I don't know what's happening and I don't know if these networks are more different that I thought.
Any clue regarding this issue?
Two initial questions (I would comment but don't have sufficient rep yet):
(1) What's the motivation for using a CNN? These are good at picking out local features in a 2-d array of input values - for example, if you imagine a black and white picture as a 2-d array of integers where the integers represent the greyscale, they might pick out clumps of pixels that represented things like edges, corners or diagonal white lines.

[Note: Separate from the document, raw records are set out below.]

(* Let $\Sigma$ be a finite alphabet. For every unranked ordered $\Sigma$-labeled tree $t$ with $|t|\ge 2$, we have $|\mathrm{dag}(t)| \le \frac12 |\mathrm{hdag}(t)|^2$.
   Context: An unranked tree over $\Sigma$ is a finite rooted tree with nodes labeled in $\Sigma$ and linearly ordered children (arbitrary finite number); $|t|$ is its number of edges. $\mathrm{dag}(t)$ is the minimal dag of $t$: its nodes are the distinct subtrees of $t$, and the node of a subtree $f(s_1,\dots,s_k)$ has $k$ ordered edges to the nodes of $s_1,\dots,s_k$; $|\mathrm{dag}(t)|$ is its number of edges. The first-child/next-sibling encoding $\mathrm{fcns}$ maps a sequence of unranked trees to a binary tree (optional left and right child at each node): $\mathrm{fcns}(\varepsilon)$ is empty and $\mathrm{fcns}(t_1\cdots t_n)=f(\mathrm{fcns}(u_1\cdots u_m),\mathrm{fcns}(t_2\cdots t_n))$ when $t_1=f(u_1,\dots,u_m)$. Hybrid dag: for each distinct subtree $s=f(s_1,\dots,s_k)$ of $t$ with $k\ge1$ introduce a fresh symbol $A_s$ and the height-one tree $\rho_s=f(\alpha_1,\dots,\alpha_k)$, where $\alpha_i$ is the label of $s_i$ if $s_i$ is a single node and $\alpha_i=A_{s_i}$ otherwise. Let $\rho'_s$ be $\rho_s$ with its root additionally marked by $A_s$. $\mathrm{hdag}(t)$ is the minimal dag of the forest of binary trees $\mathrm{fcns}(\rho'_s)$ (identical subtrees anywhere in the forest merged), and $|\mathrm{hdag}(t)|$ is its number of edges, not counting edges to absent children. *)

theory Defs
  imports Main "HOL.Real"
begin

datatype 'a utree = Node 'a "'a utree list"

fun root :: "'a utree \<Rightarrow> 'a" where
  "root (Node a ts) = a"

fun children :: "'a utree \<Rightarrow> 'a utree list" where
  "children (Node a ts) = ts"

fun nnodes :: "'a utree \<Rightarrow> nat" where
  "nnodes (Node a ts) = 1 + sum_list (map nnodes ts)"

definition tsize :: "'a utree \<Rightarrow> nat" where
  "tsize t = nnodes t - 1"

fun subtrees :: "'a utree \<Rightarrow> 'a utree set" where
  "subtrees (Node a ts) = insert (Node a ts) (\<Union> (set (map subtrees ts)))"

text \<open>Number of edges of the minimal dag: each distinct subtree f(s1..sk) contributes k edges.\<close>
definition dag_size :: "'a utree \<Rightarrow> nat" where
  "dag_size t = (\<Sum>s\<in>subtrees t. length (children s))"

datatype 'b btree = BEmpty | BNode 'b "'b btree" "'b btree"

fun fcns :: "'b utree list \<Rightarrow> 'b btree" where
  "fcns [] = BEmpty"
| "fcns (Node f us # ts) = BNode f (fcns us) (fcns ts)"

fun bsubtrees :: "'b btree \<Rightarrow> 'b btree set" where
  "bsubtrees BEmpty = {}"
| "bsubtrees (BNode x l r) = insert (BNode x l r) (bsubtrees l \<union> bsubtrees r)"

fun bout :: "'b btree \<Rightarrow> nat" where
  "bout BEmpty = 0"
| "bout (BNode x l r) = (if l = BEmpty then 0 else 1) + (if r = BEmpty then 0 else 1)"

definition forest_dag_size :: "'b btree set \<Rightarrow> nat" where
  "forest_dag_size F = (\<Sum>s\<in>\<Union> (bsubtrees ` F). bout s)"

text \<open>Labels of the hybrid trees: original symbols, fresh nonterminals A_s
  (represented by the subtree s itself), and a root symbol f marked by A_s.\<close>
datatype 'a hlab = Sym 'a | Nt "'a utree" | Marked 'a "'a utree"

definition alpha :: "'a utree \<Rightarrow> 'a hlab" where
  "alpha s = (if children s = [] then Sym (root s) else Nt s)"

definition rho' :: "'a utree \<Rightarrow> 'a hlab utree" where
  "rho' s = Node (Marked (root s) s) (map (\<lambda>si. Node (alpha si) []) (children s))"

definition hdag_size :: "'a utree \<Rightarrow> nat" where
  "hdag_size t = forest_dag_size {fcns [rho' s] | s. s \<in> subtrees t \<and> children s \<noteq> []}"

end

theory Submission
  imports Defs
begin

text \<open>Let n be the number of distinct internal subtrees of t and h = |hdag(t)|. For every
  internal subtree s with k children, the hybrid dag contains the n roots of the trees
  fcns(rho'_s), each with an edge to its left child, and the k - 1 nodes of the right spine
  of fcns(rho'_s) that have a right child; hence n + k - 1 \<le> h. Summing k \<le> h + 1 - n
  over the internal subtrees gives |dag(t)| \<le> n (h + 1 - n) \<le> h^2 / 2, the last step
  failing only for n = h = 1, which |t| \<ge> 2 excludes.\<close>

definition internal_subtrees :: "'a utree \<Rightarrow> 'a utree set" where
  "internal_subtrees t = {s \<in> subtrees t. children s \<noteq> []}"

lemma finite_subtrees: "finite (subtrees t)"
  by (induction t) auto

lemma finite_internal_subtrees: "finite (internal_subtrees t)"
  by (simp add: internal_subtrees_def finite_subtrees)

lemma self_in_subtrees: "t \<in> subtrees t"
  by (cases t) simp

lemma dag_size_eq_sum_internal_subtrees:
  "dag_size t = (\<Sum>s\<in>internal_subtrees t. length (children s))"
  unfolding dag_size_def internal_subtrees_def
  by (rule sum.mono_neutral_right) (auto simp: finite_subtrees)

lemma hdag_size_eq_forest_dag_size_image:
  "hdag_size t = forest_dag_size ((\<lambda>s. fcns [rho' s]) ` internal_subtrees t)"
proof -
  have "{fcns [rho' s] |s. s \<in> subtrees t \<and> children s \<noteq> []}
        = (\<lambda>s. fcns [rho' s]) ` internal_subtrees t"
    unfolding internal_subtrees_def by blast
  then show ?thesis unfolding hdag_size_def by simp
qed

lemma finite_bsubtrees: "finite (bsubtrees b)"
  by (induction b) auto

lemma card_le_forest_dag_size:
  assumes "finite F" and "A \<subseteq> \<Union> (bsubtrees ` F)" and "\<And>x. x \<in> A \<Longrightarrow> bout x \<noteq> 0"
  shows "card A \<le> forest_dag_size F"
proof -
  have "card A = (\<Sum>x\<in>A. 1)" by simp
  also have "\<dots> \<le> (\<Sum>x\<in>A. bout x)"
    by (rule sum_mono) (use assms(3) in fastforce)
  also have "\<dots> \<le> (\<Sum>x\<in>\<Union> (bsubtrees ` F). bout x)"
    by (rule sum_mono2) (use assms(1,2) finite_bsubtrees in auto)
  finally show ?thesis unfolding forest_dag_size_def .
qed

lemma Node_root_children: "Node (root t) (children t) = t"
  by (cases t) simp

lemma fcns_Cons: "fcns (x # ts) = BNode (root x) (fcns (children x)) (fcns ts)"
  by (cases x) simp

lemma fcns_eq_BEmpty_iff: "fcns ts = BEmpty \<longleftrightarrow> ts = []"
  by (cases ts) (simp_all add: fcns_Cons)

lemma inj_fcns: "inj fcns"
proof (rule injI)
  show "fcns xs = fcns ys \<Longrightarrow> xs = ys" for xs ys :: "'b utree list"
  proof (induction xs arbitrary: ys rule: fcns.induct)
    case 1
    then show ?case by (metis fcns_eq_BEmpty_iff)
  next
    case (2 f us ts)
    then show ?case
      by (cases ys) (auto simp: fcns_Cons Node_root_children)
  qed
qed

lemma fcns_drop_in_bsubtrees: "i < length ts \<Longrightarrow> fcns (drop i ts) \<in> bsubtrees (fcns ts)"
proof (induction ts arbitrary: i)
  case (Cons x ts)
  then show ?case by (cases i) (auto simp: fcns_Cons)
qed simp

lemma fcns_drop_eq_BNode:
  "i < length ts \<Longrightarrow>
   fcns (drop i ts) = BNode (root (ts ! i)) (fcns (children (ts ! i))) (fcns (drop (Suc i) ts))"
  using Cons_nth_drop_Suc[of i ts] by (metis fcns_Cons)

lemma fcns_rho': "fcns [rho' s] =
  BNode (Marked (root s) s) (fcns (map (\<lambda>si. Node (alpha si) []) (children s))) BEmpty"
  by (simp add: rho'_def)

lemma card_internal_subtrees_add_length_children_le_hdag_size:
  assumes s: "s \<in> internal_subtrees t"
  shows "card (internal_subtrees t) + length (children s) \<le> hdag_size t + 1"
proof -
  define roots where "roots = (\<lambda>s. fcns [rho' s]) ` internal_subtrees t"
  define L where "L = map (\<lambda>si. Node (alpha si) []) (children s)"
  define spine where "spine = (\<lambda>i. fcns (drop i L)) ` {..<length L - 1}"
  have "children s \<noteq> []" using s by (simp add: internal_subtrees_def)
  then have length_L: "length L = length (children s)" "L \<noteq> []" by (simp_all add: L_def)
  have card_roots: "card roots = card (internal_subtrees t)"
    unfolding roots_def by (rule card_image) (auto simp: inj_on_def fcns_rho')
  have "inj_on (\<lambda>i. fcns (drop i L)) {..<length L - 1}"
  proof (rule inj_onI)
    fix i j assume "i \<in> {..<length L - 1}" "j \<in> {..<length L - 1}" "fcns (drop i L) = fcns (drop j L)"
    then have "length (drop i L) = length (drop j L)" "i < length L" "j < length L"
      using injD[OF inj_fcns] by (metis, auto)
    then show "i = j" by simp
  qed
  then have card_spine: "card spine = length L - 1"
    unfolding spine_def by (simp add: card_image)
  have spine_right: "x \<in> spine \<Longrightarrow> \<exists>a l r. x = BNode a l r \<and> r \<noteq> BEmpty" for x
    unfolding spine_def by (auto simp: fcns_drop_eq_BNode fcns_eq_BEmpty_iff)
  have "roots \<inter> spine = {}"
    using spine_right unfolding roots_def by (fastforce simp: fcns_rho')
  then have "card (roots \<union> spine) = card (internal_subtrees t) + (length L - 1)"
    using card_roots card_spine card_Un_disjoint[of roots spine]
    by (simp add: roots_def spine_def finite_internal_subtrees)
  moreover have "card (roots \<union> spine) \<le> forest_dag_size roots"
  proof (rule card_le_forest_dag_size)
    show "finite roots" by (simp add: roots_def finite_internal_subtrees)
    have "spine \<subseteq> bsubtrees (fcns [rho' s])"
      unfolding spine_def using fcns_drop_in_bsubtrees[of _ L] by (auto simp: fcns_rho' L_def)
    then show "roots \<union> spine \<subseteq> \<Union> (bsubtrees ` roots)"
      using s unfolding roots_def by (auto simp: fcns_rho')
    show "bout x \<noteq> 0" if "x \<in> roots \<union> spine" for x
      using that spine_right[of x] unfolding roots_def internal_subtrees_def
      by (auto simp: fcns_rho' fcns_eq_BEmpty_iff)
  qed
  ultimately show ?thesis
    using length_L by (simp add: roots_def hdag_size_eq_forest_dag_size_image)
qed

lemma dag_size_le_card_internal_subtrees_mult:
  "dag_size t \<le> card (internal_subtrees t) * (hdag_size t + 1 - card (internal_subtrees t))"
proof -
  have "length (children s) \<le> hdag_size t + 1 - card (internal_subtrees t)"
    if "s \<in> internal_subtrees t" for s
    using card_internal_subtrees_add_length_children_le_hdag_size[OF that] by linarith
  then have "(\<Sum>s\<in>internal_subtrees t. length (children s))
      \<le> (\<Sum>s\<in>internal_subtrees t. hdag_size t + 1 - card (internal_subtrees t))"
    by (rule sum_mono)
  then show ?thesis by (simp add: dag_size_eq_sum_internal_subtrees)
qed

lemma two_mult_le_square:
  fixes n h :: nat
  assumes "\<not> (n = 1 \<and> h = 1)"
  shows "2 * (n * (h + 1 - n)) \<le> h ^ 2"
proof (cases "n \<le> h + 1")
  case True
  then obtain m where h: "h + 1 = n + m" using le_Suc_ex by blast
  consider "n = 0" | "n = 1" | "n \<ge> 2" by linarith
  then show ?thesis
  proof cases
    case 2
    with assms have "h = 0 \<or> 2 \<le> h" by linarith
    then show ?thesis using 2 by (auto simp: power2_eq_square)
  next
    case 3
    then obtain k where n: "n = k + 2" and h: "h = (k + 1) + m"
      using h le_Suc_ex[of 2 n] by auto
    have "2 * m \<le> 1 + m ^ 2" by (cases m) (auto simp: power2_eq_square)
    moreover have "1 \<le> (k + 1) ^ 2" by simp
    moreover have "h ^ 2 = (k + 1) ^ 2 + m ^ 2 + 2 * (k + 1) * m" unfolding h by (rule power2_sum)
    moreover have "2 * (n * m) = 2 * (k + 1) * m + 2 * m" unfolding n by (simp add: algebra_simps)
    moreover have "h + 1 - n = m" using \<open>h + 1 = n + m\<close> by simp
    ultimately show ?thesis by (simp only: \<open>h + 1 - n = m\<close>)
  qed simp
qed simp

lemma two_le_card_internal_subtrees_or_length_children:
  assumes "tsize t \<ge> 2"
  shows "2 \<le> card (internal_subtrees t) \<or> 2 \<le> length (children t)"
proof -
  obtain a ts where t: "t = Node a ts" by (cases t)
  consider "ts = []" | c where "ts = [c]" | "2 \<le> length ts"
    by (cases ts rule: remdups_adj.cases) auto
  then show ?thesis
  proof cases
    case 1
    with assms show ?thesis by (simp add: t tsize_def)
  next
    case (2 c)
    then have "nnodes t = 1 + nnodes c" by (simp add: t)
    then have "t \<noteq> c" by auto
    have "children c \<noteq> []"
      using assms \<open>ts = [c]\<close> by (cases c) (auto simp: t tsize_def)
    then have "{t, c} \<subseteq> internal_subtrees t"
      using \<open>ts = [c]\<close> self_in_subtrees[of c] by (auto simp: t internal_subtrees_def)
    then have "card {t, c} \<le> card (internal_subtrees t)"
      by (intro card_mono finite_internal_subtrees)
    then show ?thesis using \<open>t \<noteq> c\<close> by simp
  qed (simp add: t)
qed

theorem theorem2:
  fixes t :: "('a :: finite) utree"
  assumes "tsize t \<ge> 2"
  shows "real (dag_size t) \<le> (1/2) * (real (hdag_size t))^2"
proof -
  let ?n = "card (internal_subtrees t)" and ?h = "hdag_size t"
  have "\<not> (?n = 1 \<and> ?h = 1)"
  proof
    assume degenerate: "?n = 1 \<and> ?h = 1"
    then have "2 \<le> length (children t)"
      using two_le_card_internal_subtrees_or_length_children[OF assms] by linarith
    then have "t \<in> internal_subtrees t"
      using self_in_subtrees[of t] by (auto simp: internal_subtrees_def)
    from card_internal_subtrees_add_length_children_le_hdag_size[OF this]
    show False using degenerate \<open>2 \<le> length (children t)\<close> by linarith
  qed
  then have "2 * (?n * (?h + 1 - ?n)) \<le> ?h ^ 2"
    by (rule two_mult_le_square)
  then have "2 * dag_size t \<le> ?h ^ 2"
    using dag_size_le_card_internal_subtrees_mult[of t] by linarith
  then have "real (2 * dag_size t) \<le> real (?h ^ 2)"
    by (rule of_nat_mono)
  then show ?thesis by simp
qed

end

Unless you have a reason to expect your data to, like a picture, have such locally clustered features, and for points that are nearer to eachother both horizontally and vertically in your input arrays to be more relevant you may be better with dense layers where there are no assumptions as to which input features are relevant to which others. Start with say 2 layers, and see where that gets you.
(2) Assuming you are confident about the shape of your architecture, have you tried lowering the learning rate? That's the first thing to try in any NN which is not converging well.
(3) Depending on the task, you may be better using a dictionary and one-hot encoding for your words, esp if it's relatively simple classification and context isn't too much of a big deal. Word2Vec means you are encoding the words as numbers, which has implications for gradient descent. Hard to say without knowing what you are trying to achieve, but if you don't have some reasonable idea why using word2vec is a good idea it may not be...
This link explains the difference between CNNs and dense layers well, so may help you judge.